### WORK REQUEST
All of the data that follows should be output again without any alteration.

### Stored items
· · · · ·
lemma exists_shift_det_ne_zero:
  fixes D A :: "'a::field mat"
  assumes inf: "infinite (UNIV :: 'a set)" and D: "D \<in> carrier_mat k k" and A: "A \<in> carrier_mat k k"
  shows "\<exists>s. det (D + s \<cdot>\<^sub>m 1\<^sub>m k) \<noteq> 0 \<and> det (1\<^sub>m k + s \<cdot>\<^sub>m A) \<noteq> 0"
proof -
  define \<phi> :: "(unit \<Rightarrow> 'a) \<Rightarrow> 'a" where "\<phi> x = det (D + x () \<cdot>\<^sub>m 1\<^sub>m k)" for x
  define \<psi> :: "(unit \<Rightarrow> 'a) \<Rightarrow> 'a" where "\<psi> x = det (1\<^sub>m k + x () \<cdot>\<^sub>m A)" for x
  have \<phi>_poly: "\<phi> \<in> poly_funs {()}" and \<psi>_poly: "\<psi> \<in> poly_funs {()}"
    unfolding \<phi>_def \<psi>_def using D A
    by (auto intro!: fun_subring_det[OF fun_subring_poly_funs] entrywise_in_poly_funs_affine)
  have "1\<^sub>m k + 0 \<cdot>\<^sub>m A = 1\<^sub>m k" using A by (intro eq_matI) auto
  then have \<psi>_nonzero: "\<psi> (\<lambda>_. 0) \<noteq> 0" unfolding \<psi>_def by simp
  have "char_poly (- D) \<noteq> 0"
    using degree_monic_char_poly[of "- D" k] D by auto
  then obtain t where t: "poly (char_poly (- D)) t \<noteq> 0"
    using poly_roots_finite ex_new_if_finite[OF inf] by blast
  have "- char_matrix (- D) t = D + t \<cdot>\<^sub>m 1\<^sub>m k"
    using D by (intro eq_matI) (auto simp: char_matrix_def)
  then have \<phi>_nonzero: "\<phi> (\<lambda>_. t) \<noteq> 0"
    using t char_poly_matrix[of "- D" k] D unfolding \<phi>_def by simp
  obtain x where "\<forall>f\<in>{\<phi>, \<psi>}. f x \<noteq> 0"
    using poly_funs_common_nonzero[OF inf, of "{()}" "{\<phi>, \<psi>}"] \<phi>_poly \<psi>_poly \<phi>_nonzero \<psi>_nonzero
    by blast
  then show ?thesis unfolding \<phi>_def \<psi>_def by auto
qed

lemma shift_left_block_mult:
  fixes D1 :: "'a::comm_ring_1 mat"
  assumes D1: "D1 \<in> carrier_mat k k" and D2: "D2 \<in> carrier_mat k l"
    and A1: "A1 \<in> carrier_mat k k" and A2: "A2 \<in> carrier_mat l k"
    and one: "D1 * A1 + D2 * A2 = 1\<^sub>m k"
  shows "(D1 + s \<cdot>\<^sub>m 1\<^sub>m k) * A1 + D2 * A2 = 1\<^sub>m k + s \<cdot>\<^sub>m A1"
proof -
  have c: "D1 * A1 \<in> carrier_mat k k" "s \<cdot>\<^sub>m A1 \<in> carrier_mat k k" "D2 * A2 \<in> carrier_mat k k"
    using D1 A1 D2 A2 by auto
  have "(D1 + s \<cdot>\<^sub>m 1\<^sub>m k) * A1 = D1 * A1 + s \<cdot>\<^sub>m A1"
    using D1 A1
    by (simp add: add_mult_distrib_mat[of D1 k k _ A1 k] mult_smult_assoc_mat[of "1\<^sub>m k" k k A1 k])
  also have "\<dots> + D2 * A2 = (D1 * A1 + D2 * A2) + s \<cdot>\<^sub>m A1"
    by (simp add: assoc_add_mat[OF c] assoc_add_mat[OF c(1) c(3) c(2)] comm_add_mat[OF c(2) c(3)])
  finally show ?thesis using one by simp
qed

lemma exists_hconcat_one_det_ne_zero:
  fixes A D :: "'a::field mat"
  assumes inf: "infinite (UNIV :: 'a set)"
    and A: "A \<in> carrier_mat (k + l) k" and D: "D \<in> carrier_mat k (k + l)" and DA: "D * A = 1\<^sub>m k"
  shows "\<exists>M \<in> carrier_mat k l. det (hconcat (1\<^sub>m k) M * A) \<noteq> 0"
proof -
  define D1 where "D1 = mat k k (\<lambda>(i, j). D $$ (i, j))"
  define D2 where "D2 = mat k l (\<lambda>(i, j). D $$ (i, j + k))"
  define A1 where "A1 = mat k k (\<lambda>(i, j). A $$ (i, j))"
  define A2 where "A2 = mat l k (\<lambda>(i, j). A $$ (i + k, j))"
  have D1: "D1 \<in> carrier_mat k k" and D2: "D2 \<in> carrier_mat k l"
    and A1: "A1 \<in> carrier_mat k k" and A2: "A2 \<in> carrier_mat l k"
    unfolding D1_def D2_def A1_def A2_def by auto
  have split: "hconcat B D2 * A = B * A1 + D2 * A2" if "B \<in> carrier_mat k k" for B
    unfolding A1_def A2_def using hconcat_mult[OF that D2 A] .
  have "hconcat D1 D2 = D"
    using D unfolding D1_def D2_def hconcat_def by (intro eq_matI) auto
  then have one: "D1 * A1 + D2 * A2 = 1\<^sub>m k" using split[OF D1] DA by simp
  obtain s where s: "det (D1 + s \<cdot>\<^sub>m 1\<^sub>m k) \<noteq> 0" "det (1\<^sub>m k + s \<cdot>\<^sub>m A1) \<noteq> 0"
    using exists_shift_det_ne_zero[OF inf D1 A1] by blast
  define B where "B = D1 + s \<cdot>\<^sub>m 1\<^sub>m k"
  have B: "B \<in> carrier_mat k k" unfolding B_def using D1 by simp
  obtain Y where Y: "Y \<in> carrier_mat k k" and YB: "Y * B = 1\<^sub>m k"
    using det_non_zero_imp_unit[OF B s(1)[folded B_def]] unfolding Units_def ring_mat_def by auto
  \<comment> \<open>With D = [D1 | D2] and Y the inverse of B = D1 + s I:
    [I | Y D2] A = Y [B | D2] A = Y (D A + s A1) = Y (I + s A1).\<close>
  define M where "M = Y * D2"
  have M: "M \<in> carrier_mat k l" unfolding M_def using Y D2 by simp
  have "hconcat (1\<^sub>m k) M = Y * hconcat B D2"
    unfolding M_def using mult_hconcat[OF Y B D2] YB by simp
  then have "hconcat (1\<^sub>m k) M * A = Y * (hconcat B D2 * A)"
    using Y B D2 A by (simp add: assoc_mult_mat[of Y k k "hconcat B D2" "k + l" A k])
  also have "hconcat B D2 * A = B * A1 + D2 * A2" by (rule split[OF B])
  also have "\<dots> = 1\<^sub>m k + s \<cdot>\<^sub>m A1"
    unfolding B_def by (rule shift_left_block_mult[OF D1 D2 A1 A2 one])
  finally have "hconcat (1\<^sub>m k) M * A = Y * (1\<^sub>m k + s \<cdot>\<^sub>m A1)" .
  moreover have "det Y \<noteq> 0" using det_mult[OF Y B] YB by auto
  ultimately have "det (hconcat (1\<^sub>m k) M * A) \<noteq> 0"
    using det_mult[OF Y, of "1\<^sub>m k + s \<cdot>\<^sub>m A1"] s(2) A1 by simp
  then show ?thesis using M by blast
qed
· · · · ·
### EXERCISE SOLUTION
lemma exists_shift_det_ne_zero:
  fixes D A :: "'a::field mat"
  assumes inf: "infinite (UNIV :: 'a set)" and D: "D \<in> carrier_mat k k" and A: "A \<in> carrier_mat k k"
  shows "\<exists>s. det (D + s \<cdot>\<^sub>m 1\<^sub>m k) \<noteq> 0 \<and> det (1\<^sub>m k + s \<cdot>\<^sub>m A) \<noteq> 0"
proof -
  define \<phi> :: "(unit \<Rightarrow> 'a) \<Rightarrow> 'a" where "\<phi> x = det (D + x () \<cdot>\<^sub>m 1\<^sub>m k)" for x
  define \<psi> :: "(unit \<Rightarrow> 'a) \<Rightarrow> 'a" where "\<psi> x = det (1\<^sub>m k + x () \<cdot>\<^sub>m A)" for x
  have \<phi>_poly: "\<phi> \<in> poly_funs {()}" and \<psi>_poly: "\<psi> \<in> poly_funs {()}"
    unfolding \<phi>_def \<psi>_def using D A
    by (auto intro!: fun_subring_det[OF fun_subring_poly_funs] entrywise_in_poly_funs_affine)
  have "1\<^sub>m k + 0 \<cdot>\<^sub>m A = 1\<^sub>m k" using A by (intro eq_matI) auto
  then have \<psi>_nonzero: "\<psi> (\<lambda>_. 0) \<noteq> 0" unfolding \<psi>_def by simp
  have "char_poly (- D) \<noteq> 0"
    using degree_monic_char_poly[of "- D" k] D by auto
  then obtain t where t: "poly (char_poly (- D)) t \<noteq> 0"
    using poly_roots_finite ex_new_if_finite[OF inf] by blast
  have "- char_matrix (- D) t = D + t \<cdot>\<^sub>m 1\<^sub>m k"
    using D by (intro eq_matI) (auto simp: char_matrix_def)
  then have \<phi>_nonzero: "\<phi> (\<lambda>_. t) \<noteq> 0"
    using t char_poly_matrix[of "- D" k] D unfolding \<phi>_def by simp
  obtain x where "\<forall>f\<in>{\<phi>, \<psi>}. f x \<noteq> 0"
    using poly_funs_common_nonzero[OF inf, of "{()}" "{\<phi>, \<psi>}"] \<phi>_poly \<psi>_poly \<phi>_nonzero \<psi>_nonzero
    by blast
  then show ?thesis unfolding \<phi>_def \<psi>_def by auto
qed

lemma shift_left_block_mult:
  fixes D1 :: "'a::comm_ring_1 mat"
  assumes D1: "D1 \<in> carrier_mat k k" and D2: "D2 \<in> carrier_mat k l"
    and A1: "A1 \<in> carrier_mat k k" and A2: "A2 \<in> carrier_mat l k"
    and one: "D1 * A1 + D2 * A2 = 1\<^sub>m k"
  shows "(D1 + s \<cdot>\<^sub>m 1\<^sub>m k) * A1 + D2 * A2 = 1\<^sub>m k + s \<cdot>\<^sub>m A1"
proof -
  have c: "D1 * A1 \<in> carrier_mat k k" "s \<cdot>\<^sub>m A1 \<in> carrier_mat k k" "D2 * A2 \<in> carrier_mat k k"
    using D1 A1 D2 A2 by auto
  have "(D1 + s \<cdot>\<^sub>m 1\<^sub>m k) * A1 = D1 * A1 + s \<cdot>\<^sub>m A1"
    using D1 A1
    by (simp add: add_mult_distrib_mat[of D1 k k _ A1 k] mult_smult_assoc_mat[of "1\<^sub>m k" k k A1 k])
  also have "\<dots> + D2 * A2 = (D1 * A1 + D2 * A2) + s \<cdot>\<^sub>m A1"
    by (simp add: assoc_add_mat[OF c] assoc_add_mat[OF c(1) c(3) c(2)] comm_add_mat[OF c(2) c(3)])
  finally show ?thesis using one by simp
qed

lemma exists_hconcat_one_det_ne_zero:
  fixes A D :: "'a::field mat"
  assumes inf: "infinite (UNIV :: 'a set)"
    and A: "A \<in> carrier_mat (k + l) k" and D: "D \<in> carrier_mat k (k + l)" and DA: "D * A = 1\<^sub>m k"
  shows "\<exists>M \<in> carrier_mat k l. det (hconcat (1\<^sub>m k) M * A) \<noteq> 0"
proof -
  define D1 where "D1 = mat k k (\<lambda>(i, j). D $$ (i, j))"
  define D2 where "D2 = mat k l (\<lambda>(i, j). D $$ (i, j + k))"
  define A1 where "A1 = mat k k (\<lambda>(i, j). A $$ (i, j))"
  define A2 where "A2 = mat l k (\<lambda>(i, j). A $$ (i + k, j))"
  have D1: "D1 \<in> carrier_mat k k" and D2: "D2 \<in> carrier_mat k l"
    and A1: "A1 \<in> carrier_mat k k" and A2: "A2 \<in> carrier_mat l k"
    unfolding D1_def D2_def A1_def A2_def by auto
  have split: "hconcat B D2 * A = B * A1 + D2 * A2" if "B \<in> carrier_mat k k" for B
    unfolding A1_def A2_def using hconcat_mult[OF that D2 A] .
  have "hconcat D1 D2 = D"
    using D unfolding D1_def D2_def hconcat_def by (intro eq_matI) auto
  then have one: "D1 * A1 + D2 * A2 = 1\<^sub>m k" using split[OF D1] DA by simp
  obtain s where s: "det (D1 + s \<cdot>\<^sub>m 1\<^sub>m k) \<noteq> 0" "det (1\<^sub>m k + s \<cdot>\<^sub>m A1) \<noteq> 0"
    using exists_shift_det_ne_zero[OF inf D1 A1] by blast
  define B where "B = D1 + s \<cdot>\<^sub>m 1\<^sub>m k"
  have B: "B \<in> carrier_mat k k" unfolding B_def using D1 by simp
  obtain Y where Y: "Y \<in> carrier_mat k k" and YB: "Y * B = 1\<^sub>m k"
    using det_non_zero_imp_unit[OF B s(1)[folded B_def]] unfolding Units_def ring_mat_def by auto
  \<comment> \<open>With D = [D1 | D2] and Y the inverse of B = D1 + s I:
    [I | Y D2] A = Y [B | D2] A = Y (D A + s A1) = Y (I + s A1).\<close>
  define M where "M = Y * D2"
  have M: "M \<in> carrier_mat k l" unfolding M_def using Y D2 by simp
  have "hconcat (1\<^sub>m k) M = Y * hconcat B D2"
    unfolding M_def using mult_hconcat[OF Y B D2] YB by simp
  then have "hconcat (1\<^sub>m k) M * A = Y * (hconcat B D2 * A)"
    using Y B D2 A by (simp add: assoc_mult_mat[of Y k k "hconcat B D2" "k + l" A k])
  also have "hconcat B D2 * A = B * A1 + D2 * A2" by (rule split[OF B])
  also have "\<dots> = 1\<^sub>m k + s \<cdot>\<^sub>m A1"
    unfolding B_def by (rule shift_left_block_mult[OF D1 D2 A1 A2 one])
  finally have "hconcat (1\<^sub>m k) M * A = Y * (1\<^sub>m k + s \<cdot>\<^sub>m A1)" .
  moreover have "det Y \<noteq> 0" using det_mult[OF Y B] YB by auto
  ultimately have "det (hconcat (1\<^sub>m k) M * A) \<noteq> 0"
    using det_mult[OF Y, of "1\<^sub>m k + s \<cdot>\<^sub>m A1"] s(2) A1 by simp
  then show ?thesis using M by blast
qed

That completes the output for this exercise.